The Kremlin has managed “to develop a narrative that wrongly associates Western sanctions with the impact on world food security”, he said.
Taking part in a meeting of EU counterparts “focused on the geopolitical consequences of Russia’s invasion of Ukraine”, Mr Gomes Cravinho said “the rest of the world” appears to be swallowing Russia’s bogus narrative – when the truth is that it is Russia’s ‘actions’ (not the West’s response to those actions) that is creating global grain shortages.
The current blockade, for example, on grain exports out of Ukraine “is not about sanctions – not least because sanctions exclude the possibility of distributing agricultural produce,” he explained.
Russia’s propaganda machine has nonetheless “been quite effective”, Mr Gomes Cravinho conceded.
“Recently, the president of the African Union, the president of Senegal (Macky Sall) was in Moscow and unfortunately he did not have enough information to counter the arguments presented to him by President Putin.
“Our role is to demonstrate that these arguments are false and there is a lot of work to be done now. What we agreed was that among the 27, and also with the High Representative (Josep) Borrell, we would make our efforts to demonstrate to our African colleagues in relation to what is the reality on the ground.”

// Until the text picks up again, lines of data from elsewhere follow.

fun leaf_rg :: "bool \<Rightarrow> ftree \<Rightarrow> nat \<Rightarrow> bool" where
  "leaf_rg rg Leaf i = rg"
| "leaf_rg rg (Node g l r) i =
     (if i \<le> arity l then leaf_rg False l i else leaf_rg (g = Gamma) r (i - arity l))"

lemma arity_graft: "1 \<le> i \<Longrightarrow> i \<le> arity s \<Longrightarrow> arity (graft s i t) = arity s + arity t - 1"
proof (induction s arbitrary: i)
  case (Node g l r)
  with arity_ge_1[of l] arity_ge_1[of r] arity_ge_1[of t] show ?case by auto
qed simp

lemma span_coloured_Node:
  "span_coloured c rg (Node g l r) = (case c of Blue \<Rightarrow> \<not> rg \<and> g = Alpha | Red \<Rightarrow> rg \<and> g = Gamma)"
  by (cases c; cases g) auto
(* Let $T>0$ and let $f:\Omega\times[0,T]\times\mathbb{R}\times\mathbb{R}^d\to\mathbb{R}$ satisfy $f(\cdot,y,z)\in L^2_{\mathcal{F}}(0,T)$ for each $(y,z)$ and $|f(t,y,z)-f(t,y',z')|\le\mu(|y-y'|+|z-z'|)$. For $(t,y,z)\in[0,T]\times\mathbb{R}\times\mathbb{R}^d$ let $(Y^{t,y,z}_s)_{s\in[t,T]}$ solve $Y^{t,y,z}_s=y-\int_t^sf(r,Y^{t,y,z}_r,z)dr+z(B_s-B_t)$. Suppose that for each $(t,y,z)\in[0,T]\times\mathbb{R}\times\mathbb{R}^d$, $$f(\omega,r,Y^{t,y,z}_r,z)\ge0\ (\text{resp. }=0)\quad dr\times dP\text{-a.s. on }[t,T]\times\Omega.$$ Then for each $(y,z)\in\mathbb{R}\times\mathbb{R}^d$, $f(\omega,t,y,z)\ge0$ (resp. $=0$) $dt\times dP$-a.s. on $[0,T]\times\Omega$.
   Context: $(\Omega,\mathcal{F},P)$ carries a $d$-dimensional Brownian motion $B$ with filtration $\mathcal{F}_t=\sigma\{B_s:s\le t\}$; $L^2_{\mathcal{F}}(0,T)$ denotes real predictable processes $\phi$ with $E\int_0^T|\phi_s|^2ds<\infty$. *)

theory Defs
  imports "HOL-Probability.Probability"
begin

definition brownian_motion :: "'a measure \<Rightarrow> (real \<Rightarrow> 'a \<Rightarrow> real ^ 'd) \<Rightarrow> bool" where
  "brownian_motion M B \<longleftrightarrow>
     prob_space M \<and>
     (\<forall>t. B t \<in> borel_measurable M) \<and>
     (\<forall>\<omega>\<in>space M. B 0 \<omega> = 0) \<and>
     (\<forall>\<omega>\<in>space M. continuous_on {0..} (\<lambda>t. B t \<omega>)) \<and>
     (\<forall>(ts :: nat \<Rightarrow> real) n. 0 \<le> ts 0 \<and> (\<forall>i<n. ts i \<le> ts (Suc i)) \<longrightarrow>
        prob_space.indep_vars M (\<lambda>_. borel) (\<lambda>i \<omega>. B (ts (Suc i)) \<omega> - B (ts i) \<omega>) {..<n}) \<and>
     (\<forall>s t. 0 \<le> s \<and> s < t \<longrightarrow>
        prob_space.indep_vars M (\<lambda>_. borel) (\<lambda>i \<omega>. (B t \<omega> - B s \<omega>) $ i) UNIV \<and>
        (\<forall>i. distributed M lborel (\<lambda>\<omega>. (B t \<omega> - B s \<omega>) $ i)
                (\<lambda>x. ennreal (normal_density 0 (sqrt (t - s)) x))))"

“Portugal has very close contact with a number of countries on the African continent and also with countries in Latin America; the fundamental thing is to demonstrate, with our arguments – and we have all the arguments ready – that the consequences (on food security) are the result not of the EU’s actions, but on the contrary, of Russia’s actions.”

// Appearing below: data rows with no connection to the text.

locale federated_objective =
  fixes M :: nat and \<mu> L :: real and D :: "nat \<Rightarrow> 'z measure"
    and f :: "nat \<Rightarrow> real^'d \<Rightarrow> 'z \<Rightarrow> real" and G :: "nat \<Rightarrow> real^'d \<Rightarrow> 'z \<Rightarrow> real^'d"
    and gf :: "nat \<Rightarrow> real^'d \<Rightarrow> real^'d" and xstar :: "real^'d"
  assumes clients: "\<And>m. m < M \<Longrightarrow> sc_smooth_stochastic (D m) \<mu> L (f m) (G m) (gf m)"
    and G_xstar_sq_integrable: "\<And>m. m < M \<Longrightarrow> integrable (D m) (\<lambda>z. (norm (G m xstar z))\<^sup>2)"
    and xstar_min: "\<And>x. fobj M D f xstar \<le> fobj M D f x"
begin

lemma prob_clients: "m < M \<Longrightarrow> prob_space (D m)"
  using clients sc_smooth_stochastic_def by blast

lemma integrable_G_xstar: "m < M \<Longrightarrow> integrable (D m) (G m xstar)"
  using clients[THEN sc_smooth_stochastic.axioms(1), THEN prob_space.finite_measure]
    finite_measure.norm_square_integrable_imp_integrable
    clients[THEN sc_smooth_stochastic.G_measurable] G_xstar_sq_integrable by blast

lemma sum_grad_xstar_eq_0: "(\<Sum>m<M. gf m xstar) = 0"
proof (cases "M = 0")
  case False
  have "bregman (fobj M D f) (\<lambda>x. (1 / real M) *\<^sub>R (\<Sum>m<M. gf m x)) (xstar + h) xstar
      \<le> L / 2 * (norm h)\<^sup>2" for h
  proof -
    have "(\<Sum>m<M. bregman (\<lambda>x. \<integral>z. f m x z \<partial>D m) (gf m) (xstar + h) xstar)
        \<le> (\<Sum>m<M. L / 2 * (norm h)\<^sup>2)"
      using sc_smooth_bregman_bounds(2)[OF clients[THEN sc_smooth_stochastic.sc_smooth_mean],
          where x="xstar + h" and y=xstar]
      by (intro sum_mono) simp
    then show ?thesis
      using False by (simp add: bregman_fobj field_simps)
  qed
  then have "(1 / real M) *\<^sub>R (\<Sum>m<M. gf m xstar) = 0"
    by (intro grad_eq_0_if_min_upper_quadratic[where g="fobj M D f" and c="L / 2", OF _ xstar_min])
      (simp add: bregman_def)
  with False show ?thesis
    by simp
qed simp

lemma
  shows integrable_norm_sum_G_xstar_sq:
      "integrable (PiM {..<M} D) (\<lambda>z. (norm (\<Sum>m<M. G m xstar (z m)))\<^sup>2)"
    and integral_norm_sum_G_xstar_sq_le:
      "(\<integral>z. (norm (\<Sum>m<M. G m xstar (z m)))\<^sup>2 \<partial>PiM {..<M} D)
         \<le> (\<Sum>m<M. \<integral>z. (norm (G m xstar z))\<^sup>2 \<partial>D m)"
proof -
  note indep = integrable_PiM_norm_sum_components_sq integral_PiM_norm_sum_components_sq
  note hyps = finite_lessThan prob_clients clients[THEN sc_smooth_stochastic.G_measurable]
    G_xstar_sq_integrable
  show "integrable (PiM {..<M} D) (\<lambda>z. (norm (\<Sum>m<M. G m xstar (z m)))\<^sup>2)"
    using indep(1)[of "{..<M}" D "\<lambda>m. G m xstar"] hyps by simp
  have "(\<Sum>m<M. integral\<^sup>L (D m) (G m xstar)) = 0"
    using sum_grad_xstar_eq_0 clients[THEN sc_smooth_stochastic.integral_grad, OF _ integrable_G_xstar]
    by simp
  then show "(\<integral>z. (norm (\<Sum>m<M. G m xstar (z m)))\<^sup>2 \<partial>PiM {..<M} D)
      \<le> (\<Sum>m<M. \<integral>z. (norm (G m xstar z))\<^sup>2 \<partial>D m)"
    using indep(2)[of "{..<M}" D "\<lambda>m. G m xstar"] hyps by (simp add: sum_subtractf sum_nonneg)
qed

Gomes Cravinho stressed that the EU has already approved an action plan “to help countries in other parts of the world deal with the consequences” of Russia’s invasion of Ukraine, via “the development of a set of initiatives related to supporting food security in Africa, with ‘solidarity lines’ that seek to help Ukraine dispose of its agricultural production”.
As for exporting by sea, “negotiations for unblocking the sea routes are being led by the United Nations”, he said, insisting that “the unblocking of the ports is a problem that should have a diplomatic solution, not a military one”.
Meantime, “the EU has an action plan for land transport, which naturally has the disadvantage of dealing with smaller amounts (of grain and cereals) because it is more difficult to transport by land and train – but it is possible at this stage,” he insisted.